→ **Source records**
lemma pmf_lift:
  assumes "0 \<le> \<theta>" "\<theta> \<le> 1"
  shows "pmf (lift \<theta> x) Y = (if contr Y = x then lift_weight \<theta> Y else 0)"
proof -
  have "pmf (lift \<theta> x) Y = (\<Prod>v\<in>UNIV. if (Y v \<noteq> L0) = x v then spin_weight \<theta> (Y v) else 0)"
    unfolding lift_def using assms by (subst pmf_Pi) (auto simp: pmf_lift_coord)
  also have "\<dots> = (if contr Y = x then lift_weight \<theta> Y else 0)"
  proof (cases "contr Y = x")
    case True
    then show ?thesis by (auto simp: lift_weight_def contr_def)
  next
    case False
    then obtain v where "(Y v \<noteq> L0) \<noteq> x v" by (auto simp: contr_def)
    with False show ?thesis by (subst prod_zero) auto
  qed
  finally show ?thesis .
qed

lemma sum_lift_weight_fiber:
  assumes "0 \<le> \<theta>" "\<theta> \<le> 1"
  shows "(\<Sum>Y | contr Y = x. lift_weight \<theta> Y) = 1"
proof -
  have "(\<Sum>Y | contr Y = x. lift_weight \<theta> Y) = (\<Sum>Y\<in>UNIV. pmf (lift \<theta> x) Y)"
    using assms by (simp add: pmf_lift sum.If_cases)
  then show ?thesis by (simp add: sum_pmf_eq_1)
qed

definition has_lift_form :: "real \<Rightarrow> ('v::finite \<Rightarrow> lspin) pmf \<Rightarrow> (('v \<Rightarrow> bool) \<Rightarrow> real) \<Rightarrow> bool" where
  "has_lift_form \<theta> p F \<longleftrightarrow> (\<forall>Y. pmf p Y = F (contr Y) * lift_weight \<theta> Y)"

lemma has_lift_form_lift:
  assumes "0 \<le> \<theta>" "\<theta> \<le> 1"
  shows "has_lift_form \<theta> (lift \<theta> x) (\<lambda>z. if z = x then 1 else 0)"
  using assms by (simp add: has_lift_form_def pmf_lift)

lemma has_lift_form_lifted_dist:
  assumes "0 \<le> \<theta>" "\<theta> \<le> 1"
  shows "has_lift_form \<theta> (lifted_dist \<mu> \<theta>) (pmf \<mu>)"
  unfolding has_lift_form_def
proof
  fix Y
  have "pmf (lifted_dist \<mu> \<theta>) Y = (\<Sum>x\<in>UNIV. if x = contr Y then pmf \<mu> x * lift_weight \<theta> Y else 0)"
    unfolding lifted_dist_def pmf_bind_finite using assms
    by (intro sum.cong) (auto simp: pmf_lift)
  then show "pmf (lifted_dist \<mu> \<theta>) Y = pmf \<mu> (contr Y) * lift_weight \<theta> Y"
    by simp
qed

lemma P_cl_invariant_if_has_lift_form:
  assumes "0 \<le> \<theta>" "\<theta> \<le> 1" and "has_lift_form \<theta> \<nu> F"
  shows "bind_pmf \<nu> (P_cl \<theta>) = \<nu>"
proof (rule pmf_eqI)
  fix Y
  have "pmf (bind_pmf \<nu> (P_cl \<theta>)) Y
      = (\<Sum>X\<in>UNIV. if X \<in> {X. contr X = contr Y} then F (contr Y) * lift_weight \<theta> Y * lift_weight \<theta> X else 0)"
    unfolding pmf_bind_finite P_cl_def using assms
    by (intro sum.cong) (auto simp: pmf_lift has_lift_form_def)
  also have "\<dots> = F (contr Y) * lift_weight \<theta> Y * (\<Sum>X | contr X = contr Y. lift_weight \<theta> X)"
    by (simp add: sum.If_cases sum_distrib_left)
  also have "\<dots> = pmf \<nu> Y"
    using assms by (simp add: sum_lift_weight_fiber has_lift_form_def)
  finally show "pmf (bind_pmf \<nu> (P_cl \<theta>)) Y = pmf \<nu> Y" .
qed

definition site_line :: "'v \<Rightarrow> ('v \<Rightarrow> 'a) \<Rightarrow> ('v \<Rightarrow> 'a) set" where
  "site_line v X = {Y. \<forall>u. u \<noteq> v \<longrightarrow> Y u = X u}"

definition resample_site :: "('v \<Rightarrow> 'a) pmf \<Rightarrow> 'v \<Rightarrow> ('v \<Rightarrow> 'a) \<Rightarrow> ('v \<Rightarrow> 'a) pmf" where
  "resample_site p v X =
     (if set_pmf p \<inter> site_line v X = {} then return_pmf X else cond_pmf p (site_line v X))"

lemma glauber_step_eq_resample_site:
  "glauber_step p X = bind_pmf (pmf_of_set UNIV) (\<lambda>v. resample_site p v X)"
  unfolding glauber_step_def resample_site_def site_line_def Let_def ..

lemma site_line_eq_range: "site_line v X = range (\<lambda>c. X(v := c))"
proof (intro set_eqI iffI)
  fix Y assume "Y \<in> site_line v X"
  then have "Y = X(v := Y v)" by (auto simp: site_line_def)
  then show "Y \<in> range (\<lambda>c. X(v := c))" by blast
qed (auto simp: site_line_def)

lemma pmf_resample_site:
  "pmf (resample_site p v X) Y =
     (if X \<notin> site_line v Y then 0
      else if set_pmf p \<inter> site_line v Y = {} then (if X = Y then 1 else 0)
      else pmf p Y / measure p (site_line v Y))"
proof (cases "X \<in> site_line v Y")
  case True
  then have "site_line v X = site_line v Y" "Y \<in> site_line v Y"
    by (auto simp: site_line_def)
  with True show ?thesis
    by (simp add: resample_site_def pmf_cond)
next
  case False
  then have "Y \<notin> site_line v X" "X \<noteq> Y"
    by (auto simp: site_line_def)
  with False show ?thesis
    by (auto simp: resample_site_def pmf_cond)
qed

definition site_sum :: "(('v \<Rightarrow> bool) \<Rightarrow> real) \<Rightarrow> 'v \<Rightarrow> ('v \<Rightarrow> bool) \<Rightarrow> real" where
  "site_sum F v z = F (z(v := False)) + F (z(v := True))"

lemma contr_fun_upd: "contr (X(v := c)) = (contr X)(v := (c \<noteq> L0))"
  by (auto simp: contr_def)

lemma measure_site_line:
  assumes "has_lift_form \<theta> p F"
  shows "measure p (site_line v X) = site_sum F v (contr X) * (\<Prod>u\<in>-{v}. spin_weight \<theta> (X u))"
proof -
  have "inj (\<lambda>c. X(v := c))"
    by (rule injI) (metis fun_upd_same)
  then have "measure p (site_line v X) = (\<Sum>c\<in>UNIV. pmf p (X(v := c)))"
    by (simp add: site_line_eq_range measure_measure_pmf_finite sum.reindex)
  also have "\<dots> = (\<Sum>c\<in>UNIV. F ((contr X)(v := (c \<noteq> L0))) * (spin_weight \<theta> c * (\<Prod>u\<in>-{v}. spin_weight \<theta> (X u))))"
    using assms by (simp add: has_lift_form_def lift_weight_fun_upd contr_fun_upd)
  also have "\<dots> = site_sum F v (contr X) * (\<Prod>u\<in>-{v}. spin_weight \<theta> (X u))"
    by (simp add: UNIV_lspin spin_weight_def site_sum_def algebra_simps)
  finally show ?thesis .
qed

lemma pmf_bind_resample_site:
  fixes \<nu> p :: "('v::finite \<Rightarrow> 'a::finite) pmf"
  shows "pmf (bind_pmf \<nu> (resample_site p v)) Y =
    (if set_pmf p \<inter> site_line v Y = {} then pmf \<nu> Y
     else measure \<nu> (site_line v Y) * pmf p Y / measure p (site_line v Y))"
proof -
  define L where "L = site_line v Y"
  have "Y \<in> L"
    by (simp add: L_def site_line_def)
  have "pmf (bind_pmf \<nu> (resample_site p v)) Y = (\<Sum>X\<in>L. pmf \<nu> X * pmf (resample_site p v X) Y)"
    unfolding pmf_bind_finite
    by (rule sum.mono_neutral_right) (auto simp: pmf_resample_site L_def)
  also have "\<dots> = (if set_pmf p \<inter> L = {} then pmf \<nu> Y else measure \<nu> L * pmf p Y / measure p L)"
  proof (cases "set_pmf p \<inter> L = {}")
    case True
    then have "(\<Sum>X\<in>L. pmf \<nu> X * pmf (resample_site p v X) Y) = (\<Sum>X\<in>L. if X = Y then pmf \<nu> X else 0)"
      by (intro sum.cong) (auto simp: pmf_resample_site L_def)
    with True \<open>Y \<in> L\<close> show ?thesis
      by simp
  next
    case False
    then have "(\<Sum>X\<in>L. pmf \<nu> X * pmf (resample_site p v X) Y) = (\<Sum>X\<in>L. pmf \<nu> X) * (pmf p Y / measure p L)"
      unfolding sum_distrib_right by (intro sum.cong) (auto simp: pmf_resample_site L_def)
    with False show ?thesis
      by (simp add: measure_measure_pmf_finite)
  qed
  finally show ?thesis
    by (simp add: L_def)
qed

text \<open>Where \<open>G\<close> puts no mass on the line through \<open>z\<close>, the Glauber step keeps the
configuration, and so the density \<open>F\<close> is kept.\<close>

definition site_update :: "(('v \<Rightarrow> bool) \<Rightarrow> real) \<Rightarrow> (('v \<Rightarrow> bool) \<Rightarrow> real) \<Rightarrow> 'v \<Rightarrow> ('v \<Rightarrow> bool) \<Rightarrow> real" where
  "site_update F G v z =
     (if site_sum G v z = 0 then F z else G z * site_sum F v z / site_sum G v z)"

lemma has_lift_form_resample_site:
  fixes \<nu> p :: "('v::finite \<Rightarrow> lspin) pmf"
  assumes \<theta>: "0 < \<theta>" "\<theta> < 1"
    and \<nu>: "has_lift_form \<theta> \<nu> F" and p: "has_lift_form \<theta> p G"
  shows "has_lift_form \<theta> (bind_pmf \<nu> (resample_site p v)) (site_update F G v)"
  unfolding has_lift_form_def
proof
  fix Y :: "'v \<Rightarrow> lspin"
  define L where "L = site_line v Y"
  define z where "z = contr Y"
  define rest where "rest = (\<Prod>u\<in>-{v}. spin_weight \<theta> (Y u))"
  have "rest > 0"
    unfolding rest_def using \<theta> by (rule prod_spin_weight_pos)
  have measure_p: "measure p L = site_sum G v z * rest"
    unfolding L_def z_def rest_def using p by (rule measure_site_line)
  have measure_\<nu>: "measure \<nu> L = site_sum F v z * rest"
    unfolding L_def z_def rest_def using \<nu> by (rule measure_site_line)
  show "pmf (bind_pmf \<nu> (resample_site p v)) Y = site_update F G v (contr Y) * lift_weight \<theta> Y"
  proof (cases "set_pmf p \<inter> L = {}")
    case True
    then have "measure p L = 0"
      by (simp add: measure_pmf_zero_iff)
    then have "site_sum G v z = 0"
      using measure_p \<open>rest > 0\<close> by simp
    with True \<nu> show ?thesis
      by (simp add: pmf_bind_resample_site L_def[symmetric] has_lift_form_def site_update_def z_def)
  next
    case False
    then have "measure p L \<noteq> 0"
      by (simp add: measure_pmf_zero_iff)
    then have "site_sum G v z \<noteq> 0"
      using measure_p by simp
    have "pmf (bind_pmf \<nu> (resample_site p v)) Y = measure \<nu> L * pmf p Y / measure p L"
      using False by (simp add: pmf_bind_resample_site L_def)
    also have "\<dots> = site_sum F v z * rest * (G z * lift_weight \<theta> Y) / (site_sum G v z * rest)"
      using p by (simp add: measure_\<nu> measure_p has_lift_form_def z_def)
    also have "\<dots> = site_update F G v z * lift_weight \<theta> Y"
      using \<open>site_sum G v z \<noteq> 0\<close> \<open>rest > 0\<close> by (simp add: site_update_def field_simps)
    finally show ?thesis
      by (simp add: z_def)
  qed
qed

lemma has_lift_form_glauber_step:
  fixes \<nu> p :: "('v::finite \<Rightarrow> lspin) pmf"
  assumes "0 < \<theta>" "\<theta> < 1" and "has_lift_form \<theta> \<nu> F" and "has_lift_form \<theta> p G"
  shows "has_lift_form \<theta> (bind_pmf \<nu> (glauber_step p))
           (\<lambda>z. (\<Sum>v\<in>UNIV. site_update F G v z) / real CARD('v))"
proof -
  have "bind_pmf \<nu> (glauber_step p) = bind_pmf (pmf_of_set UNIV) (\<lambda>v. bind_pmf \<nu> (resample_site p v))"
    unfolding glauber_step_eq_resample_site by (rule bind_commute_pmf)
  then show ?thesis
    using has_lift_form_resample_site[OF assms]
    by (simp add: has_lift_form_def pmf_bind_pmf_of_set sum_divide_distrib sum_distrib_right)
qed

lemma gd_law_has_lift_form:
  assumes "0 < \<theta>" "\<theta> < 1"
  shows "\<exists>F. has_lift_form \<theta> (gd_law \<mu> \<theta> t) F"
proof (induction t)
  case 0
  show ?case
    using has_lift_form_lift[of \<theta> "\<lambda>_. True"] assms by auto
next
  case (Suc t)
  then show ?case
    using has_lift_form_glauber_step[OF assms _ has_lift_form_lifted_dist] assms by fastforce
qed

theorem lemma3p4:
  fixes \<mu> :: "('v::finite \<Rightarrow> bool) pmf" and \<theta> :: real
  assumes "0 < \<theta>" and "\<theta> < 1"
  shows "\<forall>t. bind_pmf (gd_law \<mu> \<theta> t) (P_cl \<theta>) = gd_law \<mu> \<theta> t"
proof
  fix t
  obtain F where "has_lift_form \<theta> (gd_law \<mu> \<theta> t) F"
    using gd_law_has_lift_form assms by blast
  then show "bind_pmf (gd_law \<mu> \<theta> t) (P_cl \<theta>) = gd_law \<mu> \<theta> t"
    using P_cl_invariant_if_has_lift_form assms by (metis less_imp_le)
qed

→ **Activity**
From the entries above, extract only the lines running from the one containing "X = bind_pmf" through the one containing "qed (auto simp: site_line_def)", inclusive.

→ **Response to the task**
  "glauber_step p X = bind_pmf (pmf_of_set UNIV) (\<lambda>v. resample_site p v X)"
  unfolding glauber_step_def resample_site_def site_line_def Let_def ..

lemma site_line_eq_range: "site_line v X = range (\<lambda>c. X(v := c))"
proof (intro set_eqI iffI)
  fix Y assume "Y \<in> site_line v X"
  then have "Y = X(v := Y v)" by (auto simp: site_line_def)
  then show "Y \<in> range (\<lambda>c. X(v := c))" by blast
qed (auto simp: site_line_def)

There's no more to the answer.